Scan the entries below for the word "Necessity". Copy out every line in which it occurs.

◆ **INPUT DATA**:
____________________

text \<open>Key invariant: a smooth conjugacy f between mob P and mob Q maps fixed points to
  fixed points with the same multiplier, since f' * P' = Q' * f' and f' is nonzero.\<close>

lemma conjugacy_preserves_multiplier:
  assumes f: "diffeo f" and conj: "\<forall>x. f (mob P x) = mob Q (f x)"
    and P: "invertible P" "P *v w = \<kappa> *\<^sub>R w" "w \<noteq> 0"
    and Q: "invertible Q" "Q *v u = \<mu> *\<^sub>R u" "u \<noteq> 0"
    and fw: "f (proj w) = proj u"
  shows "det P / \<kappa>^2 = det Q / \<mu>^2"
proof -
  have "smooth_map f" using f by (simp add: diffeo_def)
  then obtain i j d where d: "has_chart_deriv f i j (proj w) d"
    using smooth_map_has_chart_deriv by blast
  have dP: "has_chart_deriv (mob P) i i (proj w) (det P / \<kappa>^2)"
    using mob_eigenvector_deriv[OF P] d by (simp add: has_chart_deriv_def)
  have dQ: "has_chart_deriv (mob Q) j j (proj u) (det Q / \<mu>^2)"
    using mob_eigenvector_deriv[OF Q] has_chart_deriv_target[OF d] fw by simp
  have "has_chart_deriv (f \<circ> mob P) i j (proj w) (d * (det P / \<kappa>^2))"
    by (rule has_chart_deriv_comp[OF dP]) (use d mob_eigenvector_fixed(2)[OF P] in simp)
  moreover have "has_chart_deriv (mob Q \<circ> f) i j (proj w) (det Q / \<mu>^2 * d)"
    by (rule has_chart_deriv_comp[OF d]) (use dQ fw in simp)
  moreover have "f \<circ> mob P = mob Q \<circ> f" using conj by auto
  ultimately have "d * (det P / \<kappa>^2) = d * (det Q / \<mu>^2)"
    using has_chart_deriv_unique by (metis mult.commute)
  then show ?thesis using diffeo_has_chart_deriv_nonzero[OF f d] mult_left_cancel by blast
qed

lemma diag2_mult_vector: "(diag2 a b *v z)$1 = a * z$1" "(diag2 a b *v z)$2 = b * z$2"
  by (simp_all add: diag2_def matrix_vector_mult_2)

lemma det_diag2: "det (diag2 a b) = a * b"
  by (simp add: diag2_def det_2)

lemma invertible_diag_conj:
  assumes "invertible S" "a \<noteq> 0" "b \<noteq> 0"
  shows "invertible (S ** diag2 a b ** matrix_inv S)"
  using assms matrix_inv(3)[OF assms(1)] invertible_det_nz[of "diag2 a b"]
  by (simp add: det_diag2 invertible_mult)

lemma det_diag_conj:
  fixes S :: "real^2^2"
  assumes "invertible S" shows "det (S ** diag2 a b ** matrix_inv S) = a * b"
proof -
  have "det S * det (matrix_inv S) = 1"
    using matrix_inv(1)[OF assms] by (metis det_I det_mul)
  then show ?thesis by (simp add: det_mul det_diag2)
qed

lemma diag_conj_mult_vector:
  assumes "invertible S"
  shows "(S ** diag2 a b ** matrix_inv S) *v (S *v z) = S *v (diag2 a b *v z)"
proof -
  have "(S ** diag2 a b ** matrix_inv S) ** S = S ** diag2 a b"
    by (simp add: matrix_mul_assoc[symmetric] matrix_inv(2)[OF assms])
  then show ?thesis by (metis matrix_vector_mul_assoc)
qed

lemma diag_conj_second_column:
  assumes "invertible S"
  shows "(S ** diag2 a b ** matrix_inv S) *v (S *v vector [0, 1]) = b *\<^sub>R (S *v vector [0, 1])"
proof -
  have "diag2 a b *v vector [0, 1] = b *\<^sub>R vector [0, 1]"
    by (simp add: vec2_eq_iff diag2_mult_vector)
  then show ?thesis by (simp add: diag_conj_mult_vector[OF assms] matrix_vector_mult_scaleR)
qed

text \<open>Every fixed point b of Q = T diag(q1, q2) T^-1 comes from an eigenvector; the eigenvalue
  is q2 if b is the image of the second column of T, and q1 otherwise (for q1 = q2 every point
  is fixed with eigenvalue q1 = q2).\<close>

lemma diag_conj_fixed_point:
  fixes T :: "real^2^2" and q1 q2 :: real and b :: rp1
  defines "Q \<equiv> T ** diag2 q1 q2 ** matrix_inv T" and "e2 \<equiv> T *v vector [0, 1]"
  assumes T: "invertible T" and q: "q1 \<noteq> 0" "q2 \<noteq> 0" and fixed: "mob Q b = b"
  obtains u where "u \<noteq> 0" "proj u = b" "Q *v u = (if b = proj e2 then q2 else q1) *\<^sub>R u"
proof (cases "b = proj e2")
  case True
  have "e2 \<noteq> 0"
    using invertible_mult_nonzero[OF T] by (simp add: e2_def vec2_eq_iff)
  moreover have "Q *v e2 = q2 *\<^sub>R e2"
    unfolding Q_def e2_def by (rule diag_conj_second_column[OF T])
  ultimately show ?thesis using that True by simp
next
  case False
  obtain u where u: "u \<noteq> 0" "b = proj u" using proj_surj by blast
  define z where "z = matrix_inv T *v u"
  have uz: "u = T *v z"
    by (simp add: z_def matrix_vector_mul_assoc matrix_inv(1)[OF T])
  have "invertible Q" unfolding Q_def using invertible_diag_conj[OF T q] .
  then have "proj (Q *v u) = proj u" "Q *v u \<noteq> 0"
    using fixed u mob_proj invertible_mult_nonzero by auto
  then obtain c where "Q *v u = c *\<^sub>R u"
    using proj_eq_imp_parallel u(1) by blast
  then have "T *v (diag2 q1 q2 *v z) = T *v (c *\<^sub>R z)"
    by (simp add: uz Q_def diag_conj_mult_vector[OF T] matrix_vector_mult_scaleR)
  then have Dz: "diag2 q1 q2 *v z = c *\<^sub>R z"
    using inj_matrix_vector_mult[OF T] by (simp add: inj_eq)
  have "z$1 \<noteq> 0"
  proof
    assume "z$1 = 0"
    then have "z = z$2 *\<^sub>R vector [0, 1]" by (simp add: vec2_eq_iff)
    then have "u = z$2 *\<^sub>R e2" unfolding uz e2_def by (metis matrix_vector_mult_scaleR)
    moreover have "z$2 \<noteq> 0" using u(1) \<open>u = z$2 *\<^sub>R e2\<close> by auto
    ultimately show False using False u(2) proj_scaleR by simp
  qed
  then have "c = q1" using Dz by (simp add: vec2_eq_iff diag2_mult_vector)
  then have "Q *v u = q1 *\<^sub>R u" using \<open>Q *v u = c *\<^sub>R u\<close> by simp
  then show ?thesis using that u False by simp
qed

text \<open>Necessity for a single pair: the point [S e2] is fixed by P with multiplier p1/p2, so its
  image b is fixed by Q with the same multiplier, which is q1/q2 if b = [T e2] and q2/q1
  otherwise.\<close>

lemma conjugacy_ratio_single:
  fixes S T :: "real^2^2" and p1 p2 q1 q2 :: real and f :: "rp1 \<Rightarrow> rp1"
  defines "P \<equiv> S ** diag2 p1 p2 ** matrix_inv S" and "Q \<equiv> T ** diag2 q1 q2 ** matrix_inv T"
    and "b \<equiv> f (proj (S *v vector [0, 1]))"
  assumes S: "invertible S" and T: "invertible T"
    and p: "p1 \<noteq> 0" "p2 \<noteq> 0" and q: "q1 \<noteq> 0" "q2 \<noteq> 0"
    and f: "diffeo f" and conj: "\<forall>x. f (mob P x) = mob Q (f x)"
  shows "q1 / q2 = (p1 / p2) powi (if b = proj (T *v vector [0, 1]) then 1 else -1)"
proof -
  define w where "w = S *v vector [0, 1]"
  define \<mu> where "\<mu> = (if b = proj (T *v vector [0, 1]) then q2 else q1)"
  have w: "w \<noteq> 0" using invertible_mult_nonzero[OF S] by (simp add: w_def vec2_eq_iff)
  have P: "invertible P" "P *v w = p2 *\<^sub>R w"
    unfolding P_def w_def using invertible_diag_conj[OF S p] diag_conj_second_column[OF S] by auto
  have Q: "invertible Q" unfolding Q_def using invertible_diag_conj[OF T q] .
  have "mob Q b = b" using conj mob_eigenvector_fixed(2)[OF P w] by (metis b_def w_def)
  then obtain u where u: "u \<noteq> 0" "proj u = b" and Qu: "Q *v u = \<mu> *\<^sub>R u"
    using diag_conj_fixed_point[OF T q] unfolding Q_def \<mu>_def by blast
  from conjugacy_preserves_multiplier[OF f conj P w Q Qu u(1)]
  have "p1 * p2 / p2^2 = q1 * q2 / \<mu>^2"
    using u(2) det_diag_conj[OF S] det_diag_conj[OF T] by (simp add: P_def Q_def b_def w_def)
  then show ?thesis using p q by (auto simp: \<mu>_def power2_eq_square power_int_minus field_simps)
qed

text \<open>Necessity: the sign epsilon given by the previous lemma depends only on the image of the
  common fixed point [S e2], hence is uniform in r.\<close>

lemma conjugacy_forces_ratio_condition:
  fixes I :: "'i set" and S T :: "real^2^2" and p1 p2 q1 q2 :: "'i \<Rightarrow> real"
  assumes S: "invertible S" and T: "invertible T"
    and nz: "\<forall>r\<in>I. p1 r \<noteq> 0 \<and> p2 r \<noteq> 0 \<and> q1 r \<noteq> 0 \<and> q2 r \<noteq> 0"
    and f: "diffeo f"
    and conj: "\<forall>r\<in>I. \<forall>x. f (mob (S ** diag2 (p1 r) (p2 r) ** matrix_inv S) x)
                        = mob (T ** diag2 (q1 r) (q2 r) ** matrix_inv T) (f x)"
  shows "\<exists>\<epsilon>::int \<in> {1, -1}. \<forall>r\<in>I. q1 r / q2 r = (p1 r / p2 r) powi \<epsilon>"
proof -
  define b where "b = f (proj (S *v vector [0, 1]))"
  have "\<forall>r\<in>I. q1 r / q2 r = (p1 r / p2 r) powi (if b = proj (T *v vector [0, 1]) then 1 else -1)"
    using conjugacy_ratio_single[OF S T _ _ _ _ f] nz conj unfolding b_def by blast
  then show ?thesis by (intro bexI[of _ "if b = proj (T *v vector [0, 1]) then 1 else -1"]) auto
qed

subsection \<open>Sufficiency of the ratio condition\<close>

lemma mob_intertwine:
  assumes "invertible A" "invertible X" "c \<noteq> 0" "X ** A = c *\<^sub>R (B ** X)"
  shows "mob X (mob A x) = mob B (mob X x)"
  using assms by (simp add: mob_mult mob_scaleR flip: mob_mult)

lemma diag_conj_intertwine:
  fixes S T K D E :: "real^2^2"
  assumes S: "invertible S" and T: "invertible T" and KD: "K ** D = c *\<^sub>R (E ** K)"
  shows "(T ** K ** matrix_inv S) ** (S ** D ** matrix_inv S)
           = c *\<^sub>R ((T ** E ** matrix_inv T) ** (T ** K ** matrix_inv S))"
proof -
  have cancel: "matrix_inv A ** (A ** X) = X" if "invertible A" for A X :: "real^2^2"
    by (simp add: matrix_mul_assoc matrix_inv(2)[OF that])
  have KDY: "K ** (D ** Y) = c *\<^sub>R (E ** (K ** Y))" for Y
    using KD by (simp add: matrix_mul_assoc scalar_matrix_assoc)
  show ?thesis
    by (simp add: matrix_mul_assoc[symmetric] cancel[OF S] cancel[OF T] KDY
        matrix_scalar_ac flip: scalar_matrix_assoc)
qed

lemma flip_diag2: "flip ** diag2 a b = diag2 b a ** flip"
  by (simp add: flip_def diag2_def matrix_matrix_mult_def vec_eq_iff forall_2 sum_2)

lemma diag2_scaleR: "diag2 (c * a) (c * b) = c *\<^sub>R diag2 a b"
  by (simp add: diag2_def vec_eq_iff forall_2)

lemma ratio_condition_intertwiner:
  fixes p1 p2 q1 q2 :: real
  assumes nz: "p1 \<noteq> 0" "p2 \<noteq> 0" "q1 \<noteq> 0" "q2 \<noteq> 0"
    and \<epsilon>: "\<epsilon> \<in> {1, -1}" and ratio: "q1 / q2 = (p1 / p2) powi \<epsilon>"
  obtains c where "c \<noteq> 0"
    "(if \<epsilon> = 1 then mat 1 else flip) ** diag2 p1 p2
       = c *\<^sub>R (diag2 q1 q2 ** (if \<epsilon> = 1 then mat 1 else flip))"
proof (cases "\<epsilon> = 1")
  case True
  then have "diag2 p1 p2 = (p2 / q2) *\<^sub>R diag2 q1 q2"
    using ratio nz by (simp add: diag2_scaleR[symmetric] field_simps)
  then show ?thesis using True nz by (intro that[of "p2 / q2"]) simp_all
next
  case False
  then have "diag2 p2 p1 = (p1 / q2) *\<^sub>R diag2 q1 q2"
    using \<epsilon> ratio nz by (simp add: diag2_scaleR[symmetric] power_int_minus field_simps)
  then show ?thesis
    using False nz by (intro that[of "p1 / q2"]) (simp_all add: flip_diag2 scalar_matrix_assoc)
qed

lemma ratio_condition_gives_conjugacy:
  fixes I :: "'i set" and S T :: "real^2^2" and p1 p2 q1 q2 :: "'i \<Rightarrow> real"
  assumes S: "invertible S" and T: "invertible T"
    and nz: "\<forall>r\<in>I. p1 r \<noteq> 0 \<and> p2 r \<noteq> 0 \<and> q1 r \<noteq> 0 \<and> q2 r \<noteq> 0"
    and \<epsilon>: "\<epsilon> \<in> {1, -1}" and ratio: "\<forall>r\<in>I. q1 r / q2 r = (p1 r / p2 r) powi \<epsilon>"
  shows "\<exists>f. diffeo f \<and>
            (\<forall>r\<in>I. \<forall>x. f (mob (S ** diag2 (p1 r) (p2 r) ** matrix_inv S) x)
                        = mob (T ** diag2 (q1 r) (q2 r) ** matrix_inv T) (f x))"
proof (intro exI conjI ballI allI)
  define K where "K = (if \<epsilon> = 1 then mat 1 else flip)"
  define X where "X = T ** K ** matrix_inv S"
  have "invertible K"
    using flip_involution unfolding K_def invertible_def by auto
  then have X: "invertible X"
    unfolding X_def using S T matrix_inv(3) invertible_mult by blast
  then show "diffeo (mob X)" by (rule mob_diffeo)
  fix r x assume r: "r \<in> I"
  have p: "p1 r \<noteq> 0" "p2 r \<noteq> 0" and q: "q1 r \<noteq> 0" "q2 r \<noteq> 0" using nz r by auto
  obtain c where c: "c \<noteq> 0" "K ** diag2 (p1 r) (p2 r) = c *\<^sub>R (diag2 (q1 r) (q2 r) ** K)"
    using ratio_condition_intertwiner[OF p q \<epsilon>] ratio r unfolding K_def by blast
  show "mob X (mob (S ** diag2 (p1 r) (p2 r) ** matrix_inv S) x)
          = mob (T ** diag2 (q1 r) (q2 r) ** matrix_inv T) (mob X x)"
    using mob_intertwine[OF invertible_diag_conj[OF S p] X c(1)]
      diag_conj_intertwine[OF S T c(2)] unfolding X_def by blast
qed

theorem theorem12p7:
  fixes I :: "'i set" and S T :: "real^2^2"
    and p1 p2 q1 q2 :: "'i \<Rightarrow> real"
  assumes "invertible S" and "invertible T"
    and "\<forall>r\<in>I. p1 r \<noteq> 0 \<and> p2 r \<noteq> 0 \<and> q1 r \<noteq> 0 \<and> q2 r \<noteq> 0"
  shows "(\<exists>f. diffeo f \<and>
            (\<forall>r\<in>I. \<forall>x. f (mob (S ** diag2 (p1 r) (p2 r) ** matrix_inv S) x)
                        = mob (T ** diag2 (q1 r) (q2 r) ** matrix_inv T) (f x)))
         \<longleftrightarrow> (\<exists>\<epsilon>::int \<in> {1, -1}. \<forall>r\<in>I. q1 r / q2 r = (p1 r / p2 r) powi \<epsilon>)"
  using conjugacy_forces_ratio_condition[OF assms] ratio_condition_gives_conjugacy[OF assms]
  by blast

end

____________________

◆ **ANSWER SECTION**:
text \<open>Necessity for a single pair: the point [S e2] is fixed by P with multiplier p1/p2, so its
text \<open>Necessity: the sign epsilon given by the previous lemma depends only on the image of the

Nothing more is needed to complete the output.